Warren Buffett is funding and supporting many of his family member’s charitable foundations, such as:

  • Susan Alice Buffett’s Sherwood Foundation, an organization in Omaha that provides grants in public education, human services and social justice in the interest of promoting the welfare of children from lower-income families.
  • The Howard G. Buffett Foundation, which supports projects in the areas of agriculture, nutrition, water, humanitarian, conservation, and conflict/unaccompanied persons. The foundation focuses much of its funding on communities in Africa and Central America. In 2007, the Foundation co-launched the Global Water Initiative with several other organizations. One example of a project supported by the Howard G. Buffett Foundation is the Nature Conservation Trust’s and South African National Park’s joint initiative to combat Rhino poaching in South Africa.
  • Peter Buffett’s NoVo Foundation, and organization working to promote a world that operates on the principles of mutual respect, collaboration, and civic participation, thereby reversing the old paradigm predicated on hierarchy, violence, and the subordination of girls and women.
  • Doris Buffett’s Letters Foundation and Learning By Giving Foundation.
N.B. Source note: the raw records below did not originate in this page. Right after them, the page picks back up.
lemma wedge_assoc: "wedge (wedge \<alpha> \<beta>) \<gamma> = wedge \<alpha> (wedge \<beta> \<gamma>)"
proof
  fix S
  show "wedge (wedge \<alpha> \<beta>) \<gamma> S = wedge \<alpha> (wedge \<beta> \<gamma>) S"
  proof (cases "finite S")
    case fin: True
    define T1 where "T1 = (\<lambda>(A, B). (-1::complex) ^ inv_count A (S - A) * (-1) ^ inv_count B (A - B)
       * \<alpha> B * \<beta> (A - B) * \<gamma> (S - A))"
    define T2 where "T2 = (\<lambda>(B, C). (-1::complex) ^ inv_count B (S - B) * (-1) ^ inv_count C (S - B - C)
       * \<alpha> B * \<beta> C * \<gamma> (S - B - C))"
    have "wedge (wedge \<alpha> \<beta>) \<gamma> S = (\<Sum>A\<in>Pow S. \<Sum>B\<in>Pow A. T1 (A, B))"
      unfolding wedge_def T1_def using fin
      by (auto simp: sum_distrib_left sum_distrib_right algebra_simps intro!: sum.cong
          dest: finite_subset)
    also have "\<dots> = sum T1 (SIGMA A:Pow S. Pow A)"
      using fin by (subst sum.Sigma) (auto intro: finite_subset)
    also have "\<dots> = sum T2 (SIGMA B:Pow S. Pow (S - B))"
    proof (rule sum.reindex_bij_witness[where i="\<lambda>(B, C). (B \<union> C, B)" and j="\<lambda>(A, B). (B, A - B)"])
      fix p assume "p \<in> (SIGMA A:Pow S. Pow A)"
      then obtain A B where p: "p = (A, B)" "A \<subseteq> S" "B \<subseteq> A" by auto
      then show "(case case p of (A, B) \<Rightarrow> (B, A - B) of (B, C) \<Rightarrow> (B \<union> C, B)) = p"
        and "(case p of (A, B) \<Rightarrow> (B, A - B)) \<in> (SIGMA B:Pow S. Pow (S - B))"
        by auto
      have fins: "finite A" "finite B" "finite (A - B)" "finite (S - A)"
        using p fin by (auto intro: finite_subset)
      have "A = B \<union> (A - B)" using p by auto
      then have "inv_count A (S - A) = inv_count (B \<union> (A - B)) (S - A)" by simp
      also have "\<dots> = inv_count B (S - A) + inv_count (A - B) (S - A)"
        by (rule inv_count_Un_left) (use fins in auto)
      finally have split_A: "inv_count A (S - A) = inv_count B (S - A) + inv_count (A - B) (S - A)" .
      have "S - B = (A - B) \<union> (S - A)" using p by auto
      then have "inv_count B (S - B) = inv_count B ((A - B) \<union> (S - A))" by simp
      also have "\<dots> = inv_count B (A - B) + inv_count B (S - A)"
        by (rule inv_count_Un_right) (use fins in auto)
      finally have split_SB: "inv_count B (S - B) = inv_count B (A - B) + inv_count B (S - A)" .
      have "(-1::complex) ^ inv_count A (S - A) * (-1) ^ inv_count B (A - B)
          = (-1) ^ inv_count B (S - B) * (-1) ^ inv_count (A - B) (S - A)"
        unfolding split_A split_SB power_add by (simp add: algebra_simps)
      moreover have "S - B - (A - B) = S - A" using p by auto
      ultimately show "T2 (case p of (A, B) \<Rightarrow> (B, A - B)) = T1 p"
        unfolding T1_def T2_def p(1) by (simp add: algebra_simps)
    next
      fix q assume "q \<in> (SIGMA B:Pow S. Pow (S - B))"
      then obtain B C where "q = (B, C)" "B \<subseteq> S" "C \<subseteq> S - B" by auto
      then show "(case case q of (B, C) \<Rightarrow> (B \<union> C, B) of (A, B) \<Rightarrow> (B, A - B)) = q"
        and "(case q of (B, C) \<Rightarrow> (B \<union> C, B)) \<in> (SIGMA A:Pow S. Pow A)"
        by auto
    qed
    also have "\<dots> = (\<Sum>B\<in>Pow S. \<Sum>C\<in>Pow (S - B). T2 (B, C))"
      using fin by (subst sum.Sigma) (auto intro: finite_subset)
    also have "\<dots> = wedge \<alpha> (wedge \<beta> \<gamma>) S"
      unfolding wedge_def T2_def using fin
      by (auto simp: sum_distrib_left sum_distrib_right algebra_simps intro!: sum.cong
          dest: finite_subset)
    finally show ?thesis .
  qed (simp add: wedge_infinite)
qed

definition homogeneous :: "nat set \<Rightarrow> nat \<Rightarrow> form \<Rightarrow> bool" where
  "homogeneous X k \<phi> \<longleftrightarrow> (\<forall>S. \<phi> S \<noteq> 0 \<longrightarrow> finite S \<and> S \<subseteq> X \<and> card S = k)"

lemma homogeneous_wedge:
  assumes "homogeneous X k \<alpha>" "homogeneous X l \<beta>" "n = k + l"
  shows "homogeneous X n (wedge \<alpha> \<beta>)"
  unfolding homogeneous_def
proof (intro allI impI)
  fix S assume nz: "wedge \<alpha> \<beta> S \<noteq> 0"
  hence fin: "finite S" by (metis wedge_infinite)
  with nz have "(\<Sum>A\<in>Pow S. (-1) ^ inv_count A (S - A) * \<alpha> A * \<beta> (S - A)) \<noteq> 0"
    by (simp add: wedge_def)
  then obtain A where A: "A \<in> Pow S" "(-1) ^ inv_count A (S - A) * \<alpha> A * \<beta> (S - A) \<noteq> 0"
    by (rule sum.not_neutral_contains_not_neutral)
  hence "A \<subseteq> X" "card A = k" "S - A \<subseteq> X" "card (S - A) = l"
    using assms(1,2) unfolding homogeneous_def by auto
  moreover have "card S = card A + card (S - A)"
    using A(1) fin by (simp add: card_Diff_subset finite_subset card_mono)
  ultimately show "finite S \<and> S \<subseteq> X \<and> card S = n" using fin A(1) assms(3) by auto
qed

lemma homogeneous_mono: "homogeneous X k \<phi> \<Longrightarrow> X \<subseteq> Y \<Longrightarrow> homogeneous Y k \<phi>"
  unfolding homogeneous_def by blast

lemma homogeneous_fscale: "homogeneous X k \<phi> \<Longrightarrow> homogeneous X k (fscale c \<phi>)"
  unfolding homogeneous_def fscale_def by auto

lemma homogeneous_fadd: "homogeneous X k \<phi> \<Longrightarrow> homogeneous X k \<psi> \<Longrightarrow> homogeneous X k (fadd \<phi> \<psi>)"
  unfolding homogeneous_def fadd_def by (metis add_0 add.right_neutral)

lemma homogeneous_zero: "homogeneous X k (\<lambda>_. 0)"
  unfolding homogeneous_def by auto

lemma homogeneous_form10: "homogeneous {..<n} 1 (form10 n c)"
  unfolding homogeneous_def form10_def by (auto simp: card_Suc_eq)

lemma homogeneous_form01: "homogeneous {n..<2 * n} 1 (form01 n c)"
  unfolding homogeneous_def form01_def by (auto simp: card_Suc_eq)

lemma homogeneous_top_degree:
  "homogeneous X k \<phi> \<Longrightarrow> finite X \<Longrightarrow> card X = k \<Longrightarrow> \<phi> S \<noteq> 0 \<Longrightarrow> S = X"
  unfolding homogeneous_def by (metis card_subset_eq)

lemma wedge_commute:
  assumes "homogeneous UNIV k \<alpha>" "homogeneous UNIV l \<beta>"
  shows "wedge \<alpha> \<beta> = fscale ((-1) ^ (k * l)) (wedge \<beta> \<alpha>)"
proof
  fix S
  show "wedge \<alpha> \<beta> S = fscale ((-1) ^ (k * l)) (wedge \<beta> \<alpha>) S"
  proof (cases "finite S")
    case fin: True
    have bij: "bij_betw (\<lambda>B. S - B) (Pow S) (Pow S)"
      by (rule bij_betw_byWitness[where f'="\<lambda>B. S - B"]) auto
    have "wedge \<alpha> \<beta> S = (\<Sum>A\<in>Pow S. (-1) ^ inv_count A (S - A) * \<alpha> A * \<beta> (S - A))"
      using fin by (simp add: wedge_def)
    also have "\<dots> = (\<Sum>B\<in>Pow S. (-1) ^ inv_count (S - B) (S - (S - B)) * \<alpha> (S - B) * \<beta> (S - (S - B)))"
      by (rule sum.reindex_bij_betw[OF bij, symmetric])
    also have "\<dots> = (\<Sum>B\<in>Pow S. (-1) ^ (k * l) * ((-1) ^ inv_count B (S - B) * \<beta> B * \<alpha> (S - B)))"
    proof (rule sum.cong[OF refl])
      fix B assume B: "B \<in> Pow S"
      hence compl: "S - (S - B) = B" by auto
      show "(-1) ^ inv_count (S - B) (S - (S - B)) * \<alpha> (S - B) * \<beta> (S - (S - B)) =
            (-1) ^ (k * l) * ((-1) ^ inv_count B (S - B) * \<beta> B * \<alpha> (S - B))"
      proof (cases "\<alpha> (S - B) = 0 \<or> \<beta> B = 0")
        case False
        hence "card (S - B) = k" "card B = l" using assms unfolding homogeneous_def by auto
        moreover have "inv_count (S - B) B + inv_count B (S - B) = card (S - B) * card B"
          using B fin by (intro inv_count_swap) (auto intro: finite_subset)
        ultimately have "(-1::complex) ^ inv_count (S - B) B
            = (-1) ^ (k * l) * (-1) ^ inv_count B (S - B)"
          by (intro minus_one_power_diff) simp
        thus ?thesis using compl by simp
      qed (use compl in auto)
    qed
    also have "\<dots> = fscale ((-1) ^ (k * l)) (wedge \<beta> \<alpha>) S"
      using fin by (simp add: wedge_def fscale_def sum_distrib_left)
    finally show ?thesis .
  qed (simp add: wedge_infinite fscale_def)
qed

lemma wedge_exchange_middle:
  assumes "homogeneous UNIV 2 \<beta>" "homogeneous UNIV 2 \<gamma>"
  shows "wedge (wedge \<alpha> \<beta>) (wedge \<gamma> \<delta>) = wedge (wedge \<alpha> \<gamma>) (wedge \<beta> \<delta>)"
proof -
  have "wedge \<beta> \<gamma> = wedge \<gamma> \<beta>" using wedge_commute[OF assms] by (simp add: fscale_1)
  then show ?thesis by (metis wedge_assoc)
qed

definition monomial_at :: "nat set \<Rightarrow> form \<Rightarrow> bool" where
  "monomial_at A \<phi> \<longleftrightarrow> (\<forall>S. \<phi> S \<noteq> 0 \<longrightarrow> S = A)"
The Letters Foundation provide financial aid directly to individuals experiencing a crisis through no fault of their own, when no other options exist. Doris Buffett believes in small and direct grants to people, a philosophy that has earned her the nickname “the retail philanthropist”. Her Learning By Giving Foundation promotes the study of experiential philanthropy at undergraduate colleges in the United States.